Preferably, a plurality of reinforcing plates are fixedly connected to the outer wall of the shaft bushing, and the reinforcing plates abut against the inner wall of the outer sleeve.

Further, the side wall of the outer sleeve is provided with an opening, and the suction pipeline penetrates out of the opening and is fixed with the outer sleeve.

Further, the output shaft of the motor is connected with the rotating shaft through an elastic coupling.

Furthermore, the inner wall of the shaft bushing is provided with a limiting part, the rotating shaft is sleeved with a first gland, the first gland and the shaft bushing are fixed together, the limiting part and the first gland limit the two ends of the bearing bush, and sealing assemblies are preferably arranged between the first gland and the shaft bushing as well as between the first gland and the rotating shaft.

Preferably, still the cover is equipped with the pressure cover in the pivot, the outside air pocket of pressing the cover has a seal bush, and seal bush with the shaft bushing is together fixed, be equipped with first spacing step in the pivot, be equipped with the spacing step of second on the inner wall of shaft bushing, the cover still is equipped with the bearing between shaft bushing and the pivot, wherein:

the inner side ends of the sealing bush and the pressing sleeve face one side of the bearing for limiting, and the first limiting step and the second limiting step limit the other side of the bearing;

the pressure sleeve is limited in the axial direction and cannot slide along the rotating shaft;

preferably, the bearing is a deep groove ball bearing.

Further, a sealing assembly is arranged between the sealing bush and the pressing sleeve as well as between the sealing bush and the shaft bush, preferably, an annular groove is arranged at the inner edge of the end face of the outer side of the sealing bush and is used for accommodating the sealing assembly arranged between the sealing bush and the pressing sleeve, and the sealing assembly is framework sealing; and a second gland used for blocking the outer side of the framework seal is also fixed on the seal bushing.

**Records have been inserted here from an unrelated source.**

lemma line_subcoalg_grouplike:
  fixes D :: "'b \<Rightarrow> 'b \<times> 'b \<Rightarrow> 'k::field"
  assumes co: "coalgebra D eps" and sc: "subcoalg D (line x)" and xnz: "x \<noteq> zvec"
  shows "\<exists>g\<in>grouplike D. line x = line g"
proof -
  have xf: "x \<in> fvec" using sc line_self[of x] by (auto simp: subcoalg_def subspace_def)
  obtain n :: nat and xs ys where xy: "\<forall>i<n. xs i \<in> line x \<and> ys i \<in> line x"
    and dx: "lin D x = (\<lambda>p. \<Sum>i<n. tens (xs i) (ys i) p)"
    using sc line_self[of x] unfolding subcoalg_def tspan_def by blast
  obtain cs ds where cd: "\<forall>i<n. xs i = (\<lambda>j. cs i * x j) \<and> ys i = (\<lambda>j. ds i * x j)"
    using xy by (auto simp: line_def) metis
  define C where "C = (\<Sum>i<n. cs i * ds i)"
  have dxC: "lin D x = (\<lambda>p. C * tens x x p)"
    unfolding dx C_def sum_distrib_right
    by (intro ext sum.cong) (auto simp: cd tens_def algebra_simps split: prod.split)
  have C0: "C \<noteq> 0"
    using dxC lin_comult_zero[OF co xf] xnz by force
  define g where "g = (\<lambda>i. C * x i)"
  have "supp g = supp x" using C0 by (auto simp: g_def supp_def)
  then have "g \<in> fvec" using xf by (simp add: fvec_def)
  moreover have "g \<noteq> zvec" using xnz C0 by (auto simp: g_def zvec_def fun_eq_iff)
  moreover have "lin D g = tens g g"
    using dxC by (simp add: g_def lin_scale tens_def fun_eq_iff split: prod.split)
  ultimately have "g \<in> grouplike D" by (simp add: grouplike_def)
  moreover have "line x = line g" unfolding g_def by (rule line_rescale[OF C0, symmetric])
  ultimately show ?thesis by blast
qed

lemma pointed_simple_subcoalgs:
  assumes co: "coalgebra D eps" and pt: "pointed D"
  shows "{W. simple_subcoalg D W} = line ` grouplike D"
proof
  show "{W. simple_subcoalg D W} \<subseteq> line ` grouplike D"
  proof
    fix W assume "W \<in> {W. simple_subcoalg D W}"
    then have sW: "simple_subcoalg D W" by simp
    then obtain x where "x \<noteq> zvec" "W = line x" using pt by (auto simp: pointed_def)
    then show "W \<in> line ` grouplike D"
      using line_subcoalg_grouplike[OF co] sW by (fastforce simp: simple_subcoalg_def)
  qed
  show "line ` grouplike D \<subseteq> {W. simple_subcoalg D W}"
    using grouplike_line_simple by blast
qed

text \<open>Distinct grouplike elements are linearly independent: some 2x2 minor is nonzero.\<close>
lemma grouplike_minor:
  fixes D :: "'b \<Rightarrow> 'b \<times> 'b \<Rightarrow> 'k::field"
  assumes g: "g \<in> grouplike D" and h: "h \<in> grouplike D" and ne: "g \<noteq> h"
  shows "\<exists>i j. g i * h j - g j * h i \<noteq> 0"
proof (rule ccontr)
  assume "\<not> ?thesis"
  then have m: "\<And>i j. g i * h j = g j * h i" by auto
  from g obtain i where gi: "g i \<noteq> 0" by (auto simp: grouplike_def zvec_def)
  define c where "c = h i / g i"
  have hc: "h = (\<lambda>j. c * g j)"
    using m[of i] gi by (auto simp: c_def field_simps fun_eq_iff)
  have c0: "c \<noteq> 0" using h hc by (auto simp: grouplike_def zvec_def fun_eq_iff)
  have "tens h h = (\<lambda>p. c * tens g g p)"
    using g h hc lin_scale[of D c g] by (simp add: grouplike_def)
  then have "c * c * (g i * g i) = c * (g i * g i)"
    by (auto simp: hc tens_def algebra_simps fun_eq_iff)
  then have "c = 1" using c0 gi by simp
  then show False using hc ne by simp
qed
lemma sum_list_group_by_fst:
  fixes g :: "'x \<Rightarrow> 'b::comm_semiring_1" and w :: "real \<Rightarrow> 'b"
  assumes "finite A" "fst ` set L \<subseteq> A"
  shows "(\<Sum>a\<in>A. g a * sum_list (map (\<lambda>z. w (snd z)) (filter (\<lambda>z. fst z = a) L)))
       = sum_list (map (\<lambda>z. g (fst z) * w (snd z)) L)"
  using assms(2)
proof (induction L)
  case (Cons z L)
  have "(\<Sum>a\<in>A. g a * sum_list (map (\<lambda>z. w (snd z)) (filter (\<lambda>z. fst z = a) (z # L))))
      = (\<Sum>a\<in>A. (if a = fst z then g a * w (snd z) else 0)
           + g a * sum_list (map (\<lambda>z. w (snd z)) (filter (\<lambda>z. fst z = a) L)))"
    by (intro sum.cong refl) (auto simp: distrib_left)
  also have "\<dots> = g (fst z) * w (snd z)
      + (\<Sum>a\<in>A. g a * sum_list (map (\<lambda>z. w (snd z)) (filter (\<lambda>z. fst z = a) L)))"
    using Cons.prems assms(1) by (simp add: sum.distrib)
  finally show ?case using Cons by simp
qed simp

lemma ennreal_sum_list:
  assumes "\<And>x. x \<in> set xs \<Longrightarrow> 0 \<le> f x"
  shows "ennreal (sum_list (map f xs)) = sum_list (map (\<lambda>x. ennreal (f x)) xs)"
  using assms
proof (induction xs)
  case (Cons a xs)
  then have "0 \<le> f a" "0 \<le> sum_list (map f xs)" by (auto intro!: sum_list_nonneg)
  then show ?case using Cons by simp
qed simp

lemma nn_integral_mix:
  assumes "weights l"
  shows "(\<integral>\<^sup>+x. f x \<partial>mix l)
       = sum_list (map (\<lambda>z. ennreal (fst z) * (\<integral>\<^sup>+x. f x \<partial>measure_pmf (snd z))) l)"
proof -
  define L where "L = map (\<lambda>(q, p). (p, q)) l"
  have wf: "pmf_of_list_wf L" unfolding L_def by (rule weights_pmf_of_list_wf[OF assms])
  have "(\<integral>\<^sup>+x. f x \<partial>mix l) = (\<integral>\<^sup>+p. (\<integral>\<^sup>+x. f x \<partial>measure_pmf p) \<partial>measure_pmf (pmf_of_list L))"
    unfolding mix_def L_def by simp
  also have "\<dots> = (\<Sum>p\<in>set (map fst L). (\<integral>\<^sup>+x. f x \<partial>measure_pmf p) * ennreal (pmf (pmf_of_list L) p))"
    by (rule nn_integral_measure_pmf_support) (use set_pmf_of_list[OF wf] in auto)
  also have "\<dots> = (\<Sum>p\<in>set (map fst L). (\<integral>\<^sup>+x. f x \<partial>measure_pmf p) *
                  sum_list (map (\<lambda>z. ennreal (snd z)) (filter (\<lambda>z. fst z = p) L)))"
    unfolding pmf_pmf_of_list[OF wf] using wf
    by (intro sum.cong refl arg_cong2[where f="(*)"] ennreal_sum_list) (auto simp: pmf_of_list_wf_def)
  also have "\<dots> = sum_list (map (\<lambda>z. (\<integral>\<^sup>+x. f x \<partial>measure_pmf (fst z)) * ennreal (snd z)) L)"
    by (rule sum_list_group_by_fst) auto
  also have "\<dots> = sum_list (map (\<lambda>z. ennreal (fst z) * (\<integral>\<^sup>+x. f x \<partial>measure_pmf (snd z))) l)"
    by (simp add: L_def o_def case_prod_beta mult.commute)
  finally show ?thesis .
qed

lemma expectation_mix:
  fixes f :: "'x \<Rightarrow> real"
  assumes l: "weights l" and f: "\<And>x. 0 \<le> f x" "\<And>x. f x \<le> b"
  shows "measure_pmf.expectation (mix l) f
       = sum_list (map (\<lambda>z. fst z * measure_pmf.expectation (snd z) f) l)"
proof -
  have nn: "0 \<le> measure_pmf.expectation p f" for p using f by simp
  have terms_nn: "\<And>z. z \<in> set l \<Longrightarrow> 0 \<le> fst z * measure_pmf.expectation (snd z) f"
    using l nn by (auto simp: weights_def)
  have "ennreal (measure_pmf.expectation (mix l) f) = (\<integral>\<^sup>+x. ennreal (f x) \<partial>mix l)"
    by (rule nn_integral_eq_expectation[symmetric]) (use f in auto)
  also have "\<dots> = sum_list (map (\<lambda>z. ennreal (fst z) * ennreal (measure_pmf.expectation (snd z) f)) l)"
    by (subst nn_integral_mix[OF l]) (simp add: nn_integral_eq_expectation[OF f])
  also have "\<dots> = sum_list (map (\<lambda>z. ennreal (fst z * measure_pmf.expectation (snd z) f)) l)"
    using l nn by (intro arg_cong[where f=sum_list] map_cong) (auto simp: weights_def ennreal_mult)
  also have "\<dots> = ennreal (sum_list (map (\<lambda>z. fst z * measure_pmf.expectation (snd z) f) l))"
    by (rule ennreal_sum_list[symmetric]) (use terms_nn in auto)
  finally show ?thesis
    using nn terms_nn by (subst (asm) ennreal_inj) (auto intro!: sum_list_nonneg)
qed

lemma map_mix:
  assumes "weights l"
  shows "map_pmf g (mix l) = mix (map (\<lambda>z. (fst z, map_pmf g (snd z))) l)"
proof (rule pmf_eqI)
  have integrals: "(\<integral>\<^sup>+x. f x \<partial>map_pmf g (mix l))
      = (\<integral>\<^sup>+x. f x \<partial>mix (map (\<lambda>z. (fst z, map_pmf g (snd z))) l))" for f
    by (simp only: nn_integral_map_pmf nn_integral_mix[OF assms]
        nn_integral_mix[OF weights_map_snd[OF assms]]) (simp add: o_def)
  fix y
  have "emeasure (map_pmf g (mix l)) {y} = emeasure (mix (map (\<lambda>z. (fst z, map_pmf g (snd z))) l)) {y}"
    using integrals[of "indicator {y}"] by (simp only: nn_integral_indicator sets_measure_pmf UNIV_I)
  then show "pmf (map_pmf g (mix l)) y = pmf (mix (map (\<lambda>z. (fst z, map_pmf g (snd z))) l)) y"
    by (simp add: emeasure_pmf_single)
qed

lemma set_pmf_mix:
  assumes "weights l"
  shows "set_pmf (mix l) \<subseteq> (\<Union>z\<in>set l. set_pmf (snd z))"
  using set_pmf_of_list[OF weights_pmf_of_list_wf[OF assms]]
  unfolding mix_def by (force simp: case_prod_beta)

section \<open>Multiplicities and the distance bound da\<close>

text \<open>Every probabilistic multiplicity is below itself (witnessed by the diagonal coupling);
  hence the denotations contain the distributions they are built from.\<close>
lemma pm_le_refl: "p \<sqsubseteq>\<^sub>m p"
proof -
  define \<omega> where "\<omega> = map_pmf (\<lambda>m. (m, m)) p"
  have c: "\<omega> \<in> couplings p p" by (simp add: couplings_def \<omega>_def pmf.map_comp o_def)
  have pw: "pmf \<omega> (m', m) = (if m' = m then pmf p m else 0)" for m' m
  proof (cases "m' = m")
    case True
    then show ?thesis unfolding \<omega>_def using pmf_map_inj'[of "\<lambda>m. (m, m)" p m] by (simp add: inj_on_def)
  next
    case False
    then show ?thesis unfolding \<omega>_def by (subst pmf_map_outside) auto
  qed
  have "weighting \<omega> m x \<le> ennreal_of_enat (m x)" for m x
  proof -
    have e1: "(\<lambda>m'. ennreal (pmf \<omega> (m', m))) = (\<lambda>m'. ennreal (pmf p m) * indicator {m} m')"
      by (auto simp: pw split: split_indicator)
    have e2: "(\<lambda>m'. ennreal (pmf \<omega> (m', m)) * ennreal_of_enat (m' x))
            = (\<lambda>m'. (ennreal (pmf p m) * ennreal_of_enat (m x)) * indicator {m} m')"
      by (auto simp: pw split: split_indicator)
    have mass: "(\<integral>\<^sup>+ m'. ennreal (pmf \<omega> (m', m)) \<partial>count_space UNIV) = ennreal (pmf p m)"
      unfolding e1 by (subst nn_integral_cmult_indicator) auto
    have weighted: "(\<integral>\<^sup>+ m'. ennreal (pmf \<omega> (m', m)) * ennreal_of_enat (m' x) \<partial>count_space UNIV)
              = ennreal (pmf p m) * ennreal_of_enat (m x)"
      unfolding e2 by (subst nn_integral_cmult_indicator) auto
    show ?thesis
      unfolding weighting_def Let_def mass weighted
      by (auto simp: mult.commute[of "ennreal (pmf p m)"] ennreal_mult_divide_eq)
  qed
  then show ?thesis unfolding pm_le_def using c by blast
qed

A desilting system, includes drive and control platform and above-mentioned desilting robot on water, wherein:

the rotary motion of the mechanical arm is driven by an oil cylinder;

the driving device for driving the frame to rotate is a hydraulic motor;

the motion chassis is provided with a hydraulic motor and is driven to move by hydraulic pressure;

the motor in the reamer structure is preferably a hydraulic motor, and the output rotating speed of the motor is lower than 200 r/min;

the water driving and controlling platform is provided with a hydraulic station, the hydraulic station is connected with an oil cylinder used for driving the mechanical arm, a hydraulic motor used for driving the frame to rotate, a hydraulic motor used for driving the walking chassis and a hydraulic motor in the reamer structure through hydraulic oil pipes, and hydraulic oil and hydraulic driving force are provided.

Furthermore, the mechanical arm is connected to one side end of the frame, a protective cover is arranged on the other side end of the frame, a sealing box used for containing the hydraulic valve group and an underwater dredge pump are further arranged in the protective cover, the underwater dredge pump is connected between a dredge pipe used for conveying dredge slurry and the suction pipeline, and the other end of the dredge pipe is arranged at a discharge position.

Furthermore, a high-pressure flushing port is further arranged on the reamer structure and used for assisting in soil breaking; the mechanical arm is of a double-arm structure.

Compared with the prior art, the invention has the beneficial effects that:

1. the dredging robot carrying the reamer structure has a large dredging range and can be used for dredging hard soil. In addition, a reamer structure with a compact structure is adopted, and enough radial width can be reserved for arranging the suction inlet. In addition, the reamer is beneficial to the miniaturization of the whole size of the reamer.

2. The distance between the suction inlet and the ground breaking position of the reamer head can be set smaller, and the clearing efficiency is higher.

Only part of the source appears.